I am considering using rangev3 in a library of mine. I like rangev3's syntax, but the priority is performance. The library runs lots of vector multiplications and additions, mostly 128 samples long. I used Google benchmark to assess for instance addition of two vectors. The ranges version is much slower than the STD version (almost 10x slower for short vector lengths). This is somewhat surprising, as rangev3 (and the future std::ranges in C++20) is often claimed to have good performance.
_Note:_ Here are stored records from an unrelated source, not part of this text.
lemma split_rem_second_moment:
  assumes i: "i \<in> {0,1}" and n: "1 \<le> n"
  shows "(\<Sum>k\<le>n. split_prob i n k * (split_rem i n k)^2) \<le> split_rem_bound i"
proof -
  define z where "z = real n * p i 0 * p i 1 * H"
  have z: "0 < z" using p0_pos[OF i] p1_pos[OF i] n H_pos by (simp add: z_def)
  have "(\<Sum>k\<le>n. split_prob i n k * (split_rem i n k)^2)
      \<le> (\<Sum>k\<le>n. split_prob i n k * (2 * ((real k - real n * p i 0)^4 / z^2)
            + 2 * (if k = 1 then mean_lin^2 else 0)))"
    unfolding z_def using split_rem_sq_le[OF i n] split_prob_nonneg[OF i]
    by (intro sum_mono mult_left_mono) auto
  also have "\<dots> = (\<Sum>k\<le>n. 2 / z^2 * (split_prob i n k * (real k - real n * p i 0)^4)
      + (if k = 1 then 2 * mean_lin^2 * split_prob i n k else 0))"
    by (rule sum.cong) (simp_all add: algebra_simps)
  also have "\<dots> = 2 / z^2 * (\<Sum>k\<le>n. split_prob i n k * (real k - real n * p i 0)^4)
      + 2 * mean_lin^2 * split_prob i n 1"
    using n by (simp add: sum.distrib sum_distrib_left)
  also have "\<dots> \<le> 2 / z^2 * (4 * (real n)^2) + 2 * mean_lin^2 * 1"
  proof (intro add_mono mult_left_mono)
    show "(\<Sum>k\<le>n. split_prob i n k * (real k - real n * p i 0)^4) \<le> 4 * (real n)^2"
      unfolding split_prob_def using p0_pos[OF i] p0_lt_1[OF i]
      by (intro binom_weight_central_moment4_le) auto
    show "split_prob i n 1 \<le> 1" using split_prob_le_1[OF i] n .
  qed auto
  also have "\<dots> = split_rem_bound i"
    using z n unfolding z_def split_rem_bound_def by (simp add: field_simps power2_eq_square)
  finally show ?thesis .
qed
Is there an issue with how I am using rangev3 here? Or is it something to do with the compiler not being able to unroll rangev3 code well? Or does rangev3 performance gains show up only for many daisy-chained operations?
Notes: the output = rng1;
assignment should not allocate memory as the vector length is the same (I tried to use ranges::copy, but it becomes 100 times slower). I tried to pre-initialise and randomise the vectors A and B, but saw no difference. I did notice that if I had more operations in a pipeline, the gap between STL and ragesv3 narrowed, but only for long vectors (above 32000 for 5 consecutive operations).
Below is a self-contained example with performance metrics. I am running C++17 LLVM libc++ on a 4-core i7 MacBook Pro with -O3 flag.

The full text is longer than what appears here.